Records contained in a dataset:
☆ ☆ ☆
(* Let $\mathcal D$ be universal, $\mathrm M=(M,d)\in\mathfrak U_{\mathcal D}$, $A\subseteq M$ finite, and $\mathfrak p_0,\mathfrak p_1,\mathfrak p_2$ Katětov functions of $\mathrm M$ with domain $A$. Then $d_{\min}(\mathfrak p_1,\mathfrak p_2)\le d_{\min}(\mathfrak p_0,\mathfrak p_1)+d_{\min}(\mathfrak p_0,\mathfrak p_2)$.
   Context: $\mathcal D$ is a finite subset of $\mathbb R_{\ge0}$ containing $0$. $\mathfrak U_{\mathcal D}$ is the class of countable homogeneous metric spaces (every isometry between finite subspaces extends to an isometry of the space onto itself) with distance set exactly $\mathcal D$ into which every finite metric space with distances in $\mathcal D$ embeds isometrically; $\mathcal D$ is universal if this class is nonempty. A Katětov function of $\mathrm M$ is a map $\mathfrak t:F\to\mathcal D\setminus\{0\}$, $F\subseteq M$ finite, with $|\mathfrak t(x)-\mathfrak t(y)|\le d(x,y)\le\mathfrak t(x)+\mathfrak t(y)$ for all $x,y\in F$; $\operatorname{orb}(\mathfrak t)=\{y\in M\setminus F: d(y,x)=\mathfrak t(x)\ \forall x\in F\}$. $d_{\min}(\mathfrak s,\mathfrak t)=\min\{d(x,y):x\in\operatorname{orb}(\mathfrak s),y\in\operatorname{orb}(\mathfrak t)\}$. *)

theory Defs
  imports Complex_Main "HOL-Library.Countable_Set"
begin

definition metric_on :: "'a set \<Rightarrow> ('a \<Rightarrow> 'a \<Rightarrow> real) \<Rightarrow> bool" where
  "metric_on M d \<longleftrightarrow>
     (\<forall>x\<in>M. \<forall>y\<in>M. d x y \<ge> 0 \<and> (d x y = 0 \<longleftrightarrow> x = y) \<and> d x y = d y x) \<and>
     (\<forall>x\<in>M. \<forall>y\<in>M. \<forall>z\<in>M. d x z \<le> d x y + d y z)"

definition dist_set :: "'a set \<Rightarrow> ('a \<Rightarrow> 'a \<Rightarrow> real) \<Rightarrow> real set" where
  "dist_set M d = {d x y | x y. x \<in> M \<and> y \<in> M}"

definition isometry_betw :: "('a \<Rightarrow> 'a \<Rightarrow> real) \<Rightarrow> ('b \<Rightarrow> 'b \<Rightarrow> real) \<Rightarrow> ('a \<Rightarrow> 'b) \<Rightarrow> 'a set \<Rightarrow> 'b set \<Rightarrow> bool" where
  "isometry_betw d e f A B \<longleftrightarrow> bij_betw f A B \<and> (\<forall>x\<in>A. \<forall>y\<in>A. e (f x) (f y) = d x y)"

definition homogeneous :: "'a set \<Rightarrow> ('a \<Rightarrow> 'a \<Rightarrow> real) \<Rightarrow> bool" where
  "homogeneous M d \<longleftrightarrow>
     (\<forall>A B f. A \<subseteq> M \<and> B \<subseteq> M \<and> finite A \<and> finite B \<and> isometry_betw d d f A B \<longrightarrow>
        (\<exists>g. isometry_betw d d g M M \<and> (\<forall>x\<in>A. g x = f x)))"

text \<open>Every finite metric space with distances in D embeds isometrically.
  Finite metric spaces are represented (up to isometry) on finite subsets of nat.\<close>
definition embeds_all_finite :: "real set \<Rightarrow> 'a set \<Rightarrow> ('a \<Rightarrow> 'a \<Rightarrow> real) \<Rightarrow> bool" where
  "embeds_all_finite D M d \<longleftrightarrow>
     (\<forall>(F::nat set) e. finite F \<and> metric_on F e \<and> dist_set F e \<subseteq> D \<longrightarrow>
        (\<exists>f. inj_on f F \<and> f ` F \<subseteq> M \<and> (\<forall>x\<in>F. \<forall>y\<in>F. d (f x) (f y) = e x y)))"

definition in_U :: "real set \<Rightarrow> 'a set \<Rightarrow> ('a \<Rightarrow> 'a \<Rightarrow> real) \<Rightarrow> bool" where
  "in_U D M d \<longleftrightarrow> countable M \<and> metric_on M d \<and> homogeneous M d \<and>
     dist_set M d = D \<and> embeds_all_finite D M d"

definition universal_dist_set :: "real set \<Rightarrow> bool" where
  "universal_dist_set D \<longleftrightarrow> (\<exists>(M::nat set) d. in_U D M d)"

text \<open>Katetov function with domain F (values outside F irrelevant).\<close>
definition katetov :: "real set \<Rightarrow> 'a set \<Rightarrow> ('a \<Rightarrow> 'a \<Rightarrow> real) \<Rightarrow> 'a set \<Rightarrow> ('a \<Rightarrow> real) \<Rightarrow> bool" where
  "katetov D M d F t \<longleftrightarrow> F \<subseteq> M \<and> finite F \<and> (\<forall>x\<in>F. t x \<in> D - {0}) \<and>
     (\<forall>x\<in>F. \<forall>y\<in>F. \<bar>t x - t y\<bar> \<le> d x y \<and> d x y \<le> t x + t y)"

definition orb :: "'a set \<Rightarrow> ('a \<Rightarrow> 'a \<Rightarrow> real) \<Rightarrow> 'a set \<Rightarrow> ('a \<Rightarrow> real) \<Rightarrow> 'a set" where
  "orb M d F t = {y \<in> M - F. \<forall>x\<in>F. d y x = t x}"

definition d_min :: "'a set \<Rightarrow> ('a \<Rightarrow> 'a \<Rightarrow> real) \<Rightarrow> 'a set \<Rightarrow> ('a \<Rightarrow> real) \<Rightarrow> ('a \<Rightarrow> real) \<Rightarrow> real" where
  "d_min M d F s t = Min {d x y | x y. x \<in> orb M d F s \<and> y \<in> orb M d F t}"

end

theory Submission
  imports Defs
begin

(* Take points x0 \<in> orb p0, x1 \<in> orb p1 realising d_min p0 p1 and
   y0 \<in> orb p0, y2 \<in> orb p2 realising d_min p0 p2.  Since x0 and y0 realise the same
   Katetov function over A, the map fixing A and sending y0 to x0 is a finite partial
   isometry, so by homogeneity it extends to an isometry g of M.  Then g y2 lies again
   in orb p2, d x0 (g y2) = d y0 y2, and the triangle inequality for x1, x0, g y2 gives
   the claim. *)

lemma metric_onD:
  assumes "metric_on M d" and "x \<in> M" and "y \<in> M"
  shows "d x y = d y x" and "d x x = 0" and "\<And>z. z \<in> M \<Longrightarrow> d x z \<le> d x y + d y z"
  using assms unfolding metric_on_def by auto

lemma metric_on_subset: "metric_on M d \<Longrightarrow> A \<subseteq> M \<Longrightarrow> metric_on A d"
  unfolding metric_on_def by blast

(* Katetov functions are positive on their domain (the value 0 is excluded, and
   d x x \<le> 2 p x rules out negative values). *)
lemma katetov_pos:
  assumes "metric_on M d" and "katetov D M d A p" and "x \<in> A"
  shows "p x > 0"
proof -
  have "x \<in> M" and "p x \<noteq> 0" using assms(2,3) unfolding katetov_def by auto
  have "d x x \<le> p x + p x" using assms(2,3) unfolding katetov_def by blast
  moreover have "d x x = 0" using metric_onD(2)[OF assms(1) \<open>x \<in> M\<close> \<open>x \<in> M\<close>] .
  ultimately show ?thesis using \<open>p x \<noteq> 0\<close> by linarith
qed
☆ ☆ ☆
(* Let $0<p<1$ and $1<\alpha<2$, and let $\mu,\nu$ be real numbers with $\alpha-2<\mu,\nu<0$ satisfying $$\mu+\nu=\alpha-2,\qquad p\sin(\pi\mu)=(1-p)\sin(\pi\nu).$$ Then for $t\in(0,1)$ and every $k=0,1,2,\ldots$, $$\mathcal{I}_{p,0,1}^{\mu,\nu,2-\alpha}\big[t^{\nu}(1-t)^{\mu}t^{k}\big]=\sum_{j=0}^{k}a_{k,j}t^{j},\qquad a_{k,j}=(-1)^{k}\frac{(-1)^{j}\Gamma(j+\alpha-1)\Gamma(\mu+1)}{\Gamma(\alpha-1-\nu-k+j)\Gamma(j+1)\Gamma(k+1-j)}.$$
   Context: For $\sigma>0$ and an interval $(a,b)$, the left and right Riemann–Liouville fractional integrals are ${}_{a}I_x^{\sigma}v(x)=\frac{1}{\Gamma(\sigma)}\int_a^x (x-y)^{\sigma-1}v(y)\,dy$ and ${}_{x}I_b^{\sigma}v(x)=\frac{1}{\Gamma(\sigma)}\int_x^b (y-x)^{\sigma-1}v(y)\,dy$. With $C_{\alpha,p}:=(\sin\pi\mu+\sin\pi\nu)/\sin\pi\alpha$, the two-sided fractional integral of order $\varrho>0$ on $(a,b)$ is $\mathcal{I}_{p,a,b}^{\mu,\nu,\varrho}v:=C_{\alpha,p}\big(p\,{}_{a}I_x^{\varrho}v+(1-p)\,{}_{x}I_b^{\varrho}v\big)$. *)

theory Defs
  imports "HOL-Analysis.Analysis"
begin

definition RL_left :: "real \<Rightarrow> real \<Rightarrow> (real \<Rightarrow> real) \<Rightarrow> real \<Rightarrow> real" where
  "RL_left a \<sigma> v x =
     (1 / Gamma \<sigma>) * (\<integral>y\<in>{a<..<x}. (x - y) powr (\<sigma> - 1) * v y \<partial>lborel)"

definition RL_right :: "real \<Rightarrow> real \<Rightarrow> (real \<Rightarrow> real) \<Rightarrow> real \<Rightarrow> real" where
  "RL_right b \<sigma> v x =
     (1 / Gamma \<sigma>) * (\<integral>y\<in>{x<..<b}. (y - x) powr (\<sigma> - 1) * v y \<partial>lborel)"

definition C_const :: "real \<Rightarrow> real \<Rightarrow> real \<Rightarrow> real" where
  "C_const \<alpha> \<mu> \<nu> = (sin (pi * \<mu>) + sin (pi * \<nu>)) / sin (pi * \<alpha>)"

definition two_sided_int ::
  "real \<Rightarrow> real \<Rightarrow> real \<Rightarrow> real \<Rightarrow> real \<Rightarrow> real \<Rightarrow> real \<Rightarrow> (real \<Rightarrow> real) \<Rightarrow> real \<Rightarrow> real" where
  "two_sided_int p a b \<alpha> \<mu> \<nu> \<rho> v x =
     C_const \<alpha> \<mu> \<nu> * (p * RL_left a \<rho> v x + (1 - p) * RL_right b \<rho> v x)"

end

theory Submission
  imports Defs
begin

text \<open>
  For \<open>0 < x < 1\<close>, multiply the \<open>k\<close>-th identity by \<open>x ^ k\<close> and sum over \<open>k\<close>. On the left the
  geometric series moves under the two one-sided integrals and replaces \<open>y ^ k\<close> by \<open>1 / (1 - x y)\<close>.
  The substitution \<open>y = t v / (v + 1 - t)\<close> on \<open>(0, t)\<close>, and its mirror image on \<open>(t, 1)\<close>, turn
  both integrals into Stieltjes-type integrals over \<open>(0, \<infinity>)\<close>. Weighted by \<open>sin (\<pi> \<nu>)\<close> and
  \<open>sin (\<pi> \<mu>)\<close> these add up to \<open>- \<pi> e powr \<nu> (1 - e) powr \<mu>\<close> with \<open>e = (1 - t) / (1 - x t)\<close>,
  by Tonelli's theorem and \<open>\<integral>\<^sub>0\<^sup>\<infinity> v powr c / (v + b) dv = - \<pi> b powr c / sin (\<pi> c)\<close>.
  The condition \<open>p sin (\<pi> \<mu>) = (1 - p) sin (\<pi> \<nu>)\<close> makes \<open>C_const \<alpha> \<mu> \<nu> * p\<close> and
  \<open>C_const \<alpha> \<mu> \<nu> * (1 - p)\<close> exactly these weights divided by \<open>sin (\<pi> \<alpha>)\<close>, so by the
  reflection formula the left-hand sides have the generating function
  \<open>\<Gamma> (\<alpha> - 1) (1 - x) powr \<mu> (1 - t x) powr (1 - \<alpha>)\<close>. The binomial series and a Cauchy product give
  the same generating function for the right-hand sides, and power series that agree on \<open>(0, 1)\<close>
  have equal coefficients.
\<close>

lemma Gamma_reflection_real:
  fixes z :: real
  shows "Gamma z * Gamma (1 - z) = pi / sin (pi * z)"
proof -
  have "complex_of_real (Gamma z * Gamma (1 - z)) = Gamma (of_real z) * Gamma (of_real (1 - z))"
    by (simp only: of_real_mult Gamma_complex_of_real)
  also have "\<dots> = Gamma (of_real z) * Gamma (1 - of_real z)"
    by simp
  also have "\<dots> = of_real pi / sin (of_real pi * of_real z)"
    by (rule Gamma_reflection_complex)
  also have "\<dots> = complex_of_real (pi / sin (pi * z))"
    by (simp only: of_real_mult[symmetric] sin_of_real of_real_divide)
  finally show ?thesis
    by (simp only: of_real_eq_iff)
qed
☆ ☆ ☆
§ **Task statement**: Find the word "realising" in the data and copy out each line where it turns up.

§ **Solution to this problem**:
(* Take points x0 \<in> orb p0, x1 \<in> orb p1 realising d_min p0 p1 and
   y0 \<in> orb p0, y2 \<in> orb p2 realising d_min p0 p2.  Since x0 and y0 realise the same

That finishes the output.